Za taką cenę taka dobra jakość. Super :)
OdpowiedzUsuńO muszę wypróbować, lubię zapach migdałów:)
OdpowiedzUsuńJa to jeszcze w ogóle nic nie miałam z tej marki, trzeba by to zmienić :)
OdpowiedzUsuńsuper mysełko fajowe!
OdpowiedzUsuńNie widziałam jeszcze tego mydełka, ale chętnie się za nim rozejrzę ;)
OdpowiedzUsuńmusze kiedys go wlozyc do mojego koszyka! :)
OdpowiedzUsuńje* :p
UsuńPrezentują się świetnie ;)
OdpowiedzUsuńposiadam :) zapraszam do siebie na post o kriolipolizie :)
OdpowiedzUsuńLubię tę markę,ale mydełka nie miałam :) Obserwuję i pozdrawiam ciepło
OdpowiedzUsuńCoraz bardziej przekonuję się do ich kosmetyków :)
OdpowiedzUsuńMam z tej serii ogórkowe i ogólnie też jestem zadowolona :)
OdpowiedzUsuńMuszę je mieć *.*
OdpowiedzUsuńszkoda, że nie czuć migdałów :D
OdpowiedzUsuńnie przepadam za mydłami w takiej formie :)

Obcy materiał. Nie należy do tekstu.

lemma k_set_condition:
  "(1 - p) ^ (k choose 2) \<le> y * (1 - x) ^ (k ^ 2 * n ^ 2) * (1 - y) ^ (n choose k)"
proof -
  have "real n ^ k = exp (real k * L)"
    unfolding L_def using n_pos by (simp add: exp_of_nat_mult)
  then have "exp (- (real k * L)) = inverse (real n ^ k)"
    by (simp add: exp_minus)
  then have y_exp: "exp (- (real k * L)) / 2 = y"
    unfolding y_def by (simp add: field_simps)
  have x_exponent: "real (k ^ 2 * n ^ 2) * (2 * x) = (real k)\<^sup>2 / (8 * s)"
    unfolding x_def using p_pow_6_mult_n_sq s_ge_2 by (simp add: field_simps)
  have "(1 - p) ^ (k choose 2) \<le> exp (- real (k choose 2) * p)"
    using p_bounds by (intro one_minus_power_le_exp) simp
  also have "\<dots> = exp (- (real k * (real k - 1) / (4 * s)))"
    unfolding of_nat_choose_two p_def by (simp add: field_simps)
  also have "\<dots> \<le> exp (- (real k * L) - (real k)\<^sup>2 / (8 * s) - ln 4)"
    using k_set_exponent_le[OF s_ge_2 L_ge_1 k_ge] by simp
  also have "\<dots> = exp (- (real k * L)) / 2 * inverse (exp ((real k)\<^sup>2 / (8 * s))) * (1/2)"
    by (simp add: exp_diff exp_add field_simps)
  also have "\<dots> = y * exp (- 2 * x) ^ (k ^ 2 * n ^ 2) * (1/2)"
  proof -
    have "inverse (exp (real (k ^ 2 * n ^ 2) * (2 * x))) = exp (- 2 * x) ^ (k ^ 2 * n ^ 2)"
      by (metis exp_minus exp_of_nat_mult mult_minus_right mult.commute)
    then show ?thesis unfolding y_exp x_exponent[symmetric] by simp
  qed
  also have "\<dots> \<le> y * (1 - x) ^ (k ^ 2 * n ^ 2) * (1 - y) ^ (n choose k)"
  proof -
    have "exp (- 2 * x) ^ (k ^ 2 * n ^ 2) \<le> (1 - x) ^ (k ^ 2 * n ^ 2)"
      using exp_neg_two_mult_le[OF x_bounds] by (intro power_mono) auto
    then show ?thesis
      by (intro mult_mono mult_left_mono) (use one_minus_y_power_ge_half x_bounds y_bounds in auto)
  qed
  finally show ?thesis .
qed

lemma lower_bound_if_n_choose_4_le:
  assumes "n choose 4 \<le> c * k ^ 2 * n ^ 2"
  shows "1/73984 * real n powr (6/5) / (log 2 (real n))\<^sup>2 \<le> real c"
proof -
  have L_pos: "L > 0" using L_ge_1 by simp
  have "(real n / real 4) ^ 4 \<le> real (n choose 4)"
    using n_ge_8 by (intro binomial_ge_n_over_k_pow_k) auto
  also have "\<dots> \<le> real c * (real k)\<^sup>2 * (real n)\<^sup>2"
    using assms by (metis of_nat_le_iff of_nat_mult of_nat_power)
  also have "\<dots> \<le> real c * (17 * s * L)\<^sup>2 * (real n)\<^sup>2"
    using k_le by (intro mult_right_mono mult_left_mono power_mono) auto
  also have "\<dots> = (289 * real c * (s\<^sup>2 * L\<^sup>2)) * (real n)\<^sup>2"
    by (simp add: power_mult_distrib)
  finally have "(real n)\<^sup>2 / 256 * (real n)\<^sup>2 \<le> (289 * real c * (s\<^sup>2 * L\<^sup>2)) * (real n)\<^sup>2"
    by (simp add: power_divide eval_nat_numeral)
  then have "(real n)\<^sup>2 / 256 \<le> 289 * real c * (s\<^sup>2 * L\<^sup>2)"
    by (rule mult_right_le_imp_le) (use n_pos in simp)
  then have main: "(real n)\<^sup>2 \<le> 73984 * real c * (s\<^sup>2 * L\<^sup>2)"
    by linarith
  have powr_eq: "real n powr (6/5) * s\<^sup>2 = (real n)\<^sup>2"
    unfolding s_def using n_pos by (simp add: powr_power powr_add[symmetric])
  have "L \<le> log 2 (real n)"
    using ln_2_less_1 L_pos unfolding log_def L_def by (simp add: le_divide_eq)
  then have "real n powr (6/5) / (log 2 (real n))\<^sup>2 \<le> real n powr (6/5) / L\<^sup>2"
    using L_pos by (intro divide_left_mono power_mono mult_pos_pos) auto
  also have "\<dots> = (real n)\<^sup>2 / (s\<^sup>2 * L\<^sup>2)"
    using s_ge_2 by (simp add: powr_eq[symmetric])
  also have "\<dots> \<le> 73984 * real c"
    using main s_ge_2 L_pos by (simp add: divide_le_eq)
  finally show ?thesis by simp
qed

lemma exists_ramsey_graph:
  "\<exists>E \<subseteq> pairs {..<n}. (\<forall>Q \<subseteq> {..<n}. card Q = 4 \<longrightarrow> pairs Q \<inter> E \<noteq> {}) \<and>
    (\<forall>Q \<subseteq> {..<n}. card Q = k \<longrightarrow> \<not> pairs Q \<subseteq> E)"
proof (rule exists_graph_without_independent_4_sets_and_k_cliques)
  show "0 \<le> 1 - p" "1 - p \<le> 1" "0 \<le> x" "x < 1" "0 \<le> y" "y < 1"
    using p_bounds x_bounds y_bounds by auto
  show "(1 - (1 - p)) ^ 6 \<le>
      x * (1 - x) ^ (16 * card {..<n} ^ 2) * (1 - y) ^ (card {..<n} choose k)"
    using four_set_condition by simp
  show "(1 - p) ^ (k choose 2) \<le>
      y * (1 - x) ^ (k ^ 2 * card {..<n} ^ 2) * (1 - y) ^ (card {..<n} choose k)"
    using k_set_condition by simp
qed (simp_all add: k_ne_4)

lemma exists_graph_with_large_clique_covers:
  "\<exists>E. simple_graph {..<n} E \<and> alpha {..<n} E \<le> 3 \<and>
     (\<forall>\<C>. is_clique_cover {..<n} E \<C> \<longrightarrow>
        real (card \<C>) \<ge> 1/73984 * real n powr (6/5) / (log 2 (real n))\<^sup>2)"
proof -
  obtain E where E: "E \<subseteq> pairs {..<n}"
    and four_sets: "\<And>Q. Q \<subseteq> {..<n} \<Longrightarrow> card Q = 4 \<Longrightarrow> pairs Q \<inter> E \<noteq> {}"
    and k_sets: "\<And>Q. Q \<subseteq> {..<n} \<Longrightarrow> card Q = k \<Longrightarrow> \<not> pairs Q \<subseteq> E"
    using exists_ramsey_graph by blast
  show ?thesis
  proof (intro exI conjI allI impI)
    show "simple_graph {..<n} E" using E by (auto simp: simple_graph_def pairs_def)
    show "alpha {..<n} E \<le> 3" using alpha_less[of "{..<n}" 4 E] four_sets by simp
  next
    fix \<C> assume cover: "is_clique_cover {..<n} E \<C>"
    have "card X \<le> k" if "X \<in> \<C>" for X
      using card_clique_less[of "{..<n}" E X k] cover that k_sets
      by (auto simp: is_clique_cover_def)
    then have "card {..<n} choose 4 \<le> card \<C> * k ^ 2 * card {..<n} ^ 2"
      by (intro clique_cover_card_ge[OF _ cover four_sets]) auto
    then show "real (card \<C>) \<ge> 1/73984 * real n powr (6/5) / (log 2 (real n))\<^sup>2"
      by (intro lower_bound_if_n_choose_4_le) simp
  qed
qed

end

theorem mainTheorem1:
  shows "\<exists>C::real. C > 0 \<and>
    infinite {n::nat. n > 0 \<and>
      (\<exists>E :: nat set set. simple_graph {..<n} E \<and> alpha {..<n} E \<le> 3 \<and>
         (\<forall>\<C>. is_clique_cover {..<n} E \<C> \<longrightarrow>
              real (card \<C>) \<ge> C * real n powr (6/5) / (log 2 (real n))^2))}"
  by (intro exI[of _ "1/73984"] conjI infinite_super[OF _ infinite_Ici[of 8]] subsetI CollectI
      ramsey_parameters.exists_graph_with_large_clique_covers ramsey_parameters.intro) auto

end
definition nash_equilibrium :: "market \<Rightarrow> profile \<Rightarrow> bool" where
  "nash_equilibrium M p \<longleftrightarrow>
    (\<forall>i\<in>Nodes M. \<forall>m\<in>WG M i. wind_feas M m i (qwg p m i) \<and>
        (\<forall>f. wind_feas M m i f \<longrightarrow> wind_profit M (upd_wind p m i f) m i \<le> wind_profit M p m i)) \<and>
    (\<forall>i\<in>Nodes M. storage_feas M i (qs p i) (qdis p i) (qch p i) \<and>
        (\<forall>s dis ch. storage_feas M i s dis ch \<longrightarrow>
            storage_profit M (upd_storage p i s dis ch) i \<le> storage_profit M p i)) \<and>
    (\<forall>i\<in>Nodes M. \<forall>n\<in>CG M i. cg_feas M n i (qcg p n i) \<and>
        (\<forall>f. cg_feas M n i f \<longrightarrow> cg_profit M (upd_cg p n i f) n i \<le> cg_profit M p n i)) \<and>
    (\<forall>i\<in>Nodes M. \<forall>j\<in>Nb M i. tr_feas M i j (qtr p i j) (qtr p j i) \<and>
        (\<forall>f g. tr_feas M i j f g \<longrightarrow> tr_profit M (upd_tr p i j f g) i j \<le> tr_profit M p i j))"

end

theory Submission
  imports Defs
begin

text \<open>Suppose the storage firm at node i charges and discharges at the same (t0, w0). Cutting
  both flows saves operating cost, and the firm can always find such a cut with positive marginal
  profit that keeps its storage level feasible: if the marginal revenue MR of net output at t0 is
  nonnegative, cut both flows equally (the level does not move and net output rises);
  if the storage has slack from t0 on, cut them in the ratio 1 : eta_ch eta_dis (net output does
  not move, the level rises). Otherwise MR < 0 forces positive net output at t0, so the level falls
  at t0 and the first later time k at which the storage is full is a time of net charging, hence
  of negative net output and MR > 0; cutting the discharge at t0 and the charge at k is then
  profitable and only raises the level on [t0, k), where it has slack. A positive directional
  derivative of the profit along a feasible direction contradicts equilibrium.\<close>

definition impulse :: "nat \<Rightarrow> nat \<Rightarrow> nat \<Rightarrow> nat \<Rightarrow> real" where
  "impulse t0 w0 t w = (if t = t0 \<and> w = w0 then 1 else 0)"

lemma sum_impulse_upto:
  assumes "1 \<le> s"
  shows "(\<Sum>k\<in>{1..t}. impulse s v k w) = (if w = v \<and> s \<le> t then 1 else 0)"
  using assms by (auto simp: impulse_def sum.delta')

Nie stosowałam jeszcze kosmetyków tej firmy :)
OdpowiedzUsuńMuszę się rozejrzeć za nim koniecznie.
OdpowiedzUsuńPozdrawiam :)
Słyszałam i czytałam wiele pozytywnych opinii na temat mydeł tej marki, mam chyba jedno w zapasach, ale jeszcze nieużywane. Generalnie preferuję mydła w płynie. Ale w końcu i na nie przyjdzie kolej ;)
OdpowiedzUsuńWłaśnie je używam, naprawdę jest fajne:)
OdpowiedzUsuńJa nie przepadam za mydełkami w kostce, ale super że się sprawdziło :)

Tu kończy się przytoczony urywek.